WHAT NEEDS TO BE DONE: Below is some data. Retype exactly the lines starting at the one with "(-1) ^ card" and ending at the one with "if (of_nat (Bit_Operations.xor".

[Start of Attachment]

(* Let $a,b\in C\ell_{1,2}$. Then (1) $L(a)L(a^+)L(a)=L(a)$, $L(a^+)L(a)L(a^+)=L(a^+)$, $L(a)L(a^+)=(L(a)L(a^+))^T$, $L(a^+)L(a)=(L(a^+)L(a))^T$; (2) $R(a)R(a^+)R(a)=R(a)$, $R(a^+)R(a)R(a^+)=R(a^+)$, $R(a)R(a^+)=(R(a)R(a^+))^T$, $R(a^+)R(a)=(R(a^+)R(a))^T$; (3) $(L(a)R(b))^+=L(a^+)R(b^+)$, where the left side is the Moore–Penrose inverse of the real matrix $L(a)R(b)$.
   Context: $C\ell_{1,2}$ is the real Clifford algebra generated by $i_1,i_2,i_3$ with $i_1^2=1$, $i_2^2=i_3^2=-1$ and $i_ti_m=-i_mi_t$ for $t\neq m$, with real basis $e_0=1$, $e_1=i_1$, $e_2=i_2$, $e_3=i_1i_2$, $e_4=i_3$, $e_5=i_1i_3$, $e_6=i_2i_3$, $e_7=i_1i_2i_3$. For $x=\sum_{t=0}^7x_te_t$ write $\overrightarrow{x}=(x_0,\dots,x_7)^T$. $L(a)$, $R(a)$ are the real $8\times8$ matrices with $\overrightarrow{ax}=L(a)\overrightarrow{x}$, $\overrightarrow{xa}=R(a)\overrightarrow{x}$ for all $x$. The prime of $a=\sum a_te_t$ is $a'=a_0+a_1e_1-a_2e_2+a_3e_3-a_4e_4+a_5e_5-a_6e_6-a_7e_7$. For every $a$ there is a unique $x\in C\ell_{1,2}$ with $axa=a$, $xax=x$, $(ax)'=ax$, $(xa)'=xa$, denoted $a^+$ (the Moore–Penrose inverse of $a$). The Moore–Penrose inverse $A^+$ of a real matrix $A$ is the unique real matrix $X$ with $AXA=A$, $XAX=X$, $(AX)^T=AX$, $(XA)^T=XA$. *)

theory Defs
  imports "HOL-Analysis.Analysis"
begin

text \<open>Elements of Cl(1,2) are represented by their coordinate vectors in real^8 w.r.t. the
basis e_0,...,e_7.  Basis index t (0..7) is read as a bitmask: bit 0 = i_1, bit 1 = i_2,
bit 2 = i_3, the generators taken in increasing order.  This matches
e_0=1, e_1=i1, e_2=i2, e_3=i1 i2, e_4=i3, e_5=i1 i3, e_6=i2 i3, e_7=i1 i2 i3.\<close>

type_synonym cl12 = "real ^ 8"

definition gens :: "nat \<Rightarrow> nat set" where
  "gens s = {g. g < 3 \<and> bit s g}"

definition gen_sq :: "nat \<Rightarrow> real" where
  "gen_sq g = (if g = 0 then 1 else -1)"

text \<open>e_s e_t = blade_sign s t * e_(s xor t): anticommute generators of t past larger
generators of s, then square coincident generators.\<close>
definition blade_sign :: "nat \<Rightarrow> nat \<Rightarrow> real" where
  "blade_sign s t =
     (-1) ^ card {(i, j). i \<in> gens s \<and> j \<in> gens t \<and> j < i}
     * (\<Prod>g\<in>gens s \<inter> gens t. gen_sq g)"

definition clmul :: "cl12 \<Rightarrow> cl12 \<Rightarrow> cl12" where
  "clmul a b = (\<chi> k. \<Sum>s<8. \<Sum>t<8.
      if (of_nat (Bit_Operations.xor s t) :: 8) = k
      then blade_sign s t * a $ (of_nat s) * b $ (of_nat t) else 0)"

definition Lmat :: "cl12 \<Rightarrow> real ^ 8 ^ 8" where
  "Lmat a = matrix (\<lambda>x. clmul a x)"

definition Rmat :: "cl12 \<Rightarrow> real ^ 8 ^ 8" where
  "Rmat a = matrix (\<lambda>x. clmul x a)"

definition cl_prime :: "cl12 \<Rightarrow> cl12" where
  "cl_prime a = (\<chi> k. (if k \<in> {2, 4, 6, 7} then -1 else 1) * a $ k)"

definition cl_mp :: "cl12 \<Rightarrow> cl12" where
  "cl_mp a = (THE x. clmul (clmul a x) a = a \<and> clmul (clmul x a) x = x
      \<and> cl_prime (clmul a x) = clmul a x \<and> cl_prime (clmul x a) = clmul x a)"

definition mat_mp :: "real ^ 'n ^ 'm \<Rightarrow> real ^ 'm ^ 'n" where
  "mat_mp A = (THE X. A ** X ** A = A \<and> X ** A ** X = X
      \<and> transpose (A ** X) = A ** X \<and> transpose (X ** A) = X ** A)"

end

theory Submission
  imports Defs
begin

text \<open>
  The map \<open>a \<mapsto> L(a)\<close> is an injective algebra homomorphism turning the prime into
  transposition (and \<open>a \<mapsto> R(a)\<close> an anti-homomorphism with the same property), so the
  defining equations of \<open>a\<^sup>+\<close> are exactly the Penrose equations for \<open>L(a), L(a\<^sup>+)\<close>
  and for \<open>R(a), R(a\<^sup>+)\<close>; uniqueness of \<open>a\<^sup>+\<close> follows from uniqueness of matrix
  Moore--Penrose inverses. For existence, \<open>a\<close> times its Clifford conjugate lies in the
  centre \<open>span {1, e\<^sub>7} \<cong> \<complex>\<close>; call it \<open>det a\<close>. If \<open>det a \<noteq> 0\<close>, \<open>a\<close> is invertible;
  otherwise \<open>a a' a = 2 |a|\<^sup>2 a\<close> and \<open>a' a a' = 2 |a|\<^sup>2 a'\<close>, so \<open>a' / (2 |a|\<^sup>2)\<close> is the
  Moore--Penrose inverse.
  Finally, every \<open>L(p)\<close> commutes with every \<open>R(q)\<close>, so \<open>L(a\<^sup>+) R(b\<^sup>+)\<close> satisfies the
  Penrose equations for \<open>L(a) R(b)\<close>.
\<close>

lemma gens_eq:
  "gens 0 = {}" "gens 1 = {0}" "gens 2 = {1}" "gens 3 = {0, 1}"
  "gens 4 = {2}" "gens 5 = {0, 2}" "gens 6 = {1, 2}" "gens 7 = {0, 1, 2}"
proof -
  have "gens s = {g. g \<in> {0, 1, 2} \<and> bit s g}" for s
    unfolding gens_def by (auto simp: numeral_3_eq_3 less_Suc_eq)
  then show "gens 0 = {}" "gens 1 = {0}" "gens 2 = {1}" "gens 3 = {0, 1}"
    "gens 4 = {2}" "gens 5 = {0, 2}" "gens 6 = {1, 2}" "gens 7 = {0, 1, 2}"
    by (auto simp: bit_nat_def)
qed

[End of Attachment]

RESULT OF THIS EXERCISE:
     (-1) ^ card {(i, j). i \<in> gens s \<and> j \<in> gens t \<and> j < i}
     * (\<Prod>g\<in>gens s \<inter> gens t. gen_sq g)"

definition clmul :: "cl12 \<Rightarrow> cl12 \<Rightarrow> cl12" where
  "clmul a b = (\<chi> k. \<Sum>s<8. \<Sum>t<8.
      if (of_nat (Bit_Operations.xor s t) :: 8) = k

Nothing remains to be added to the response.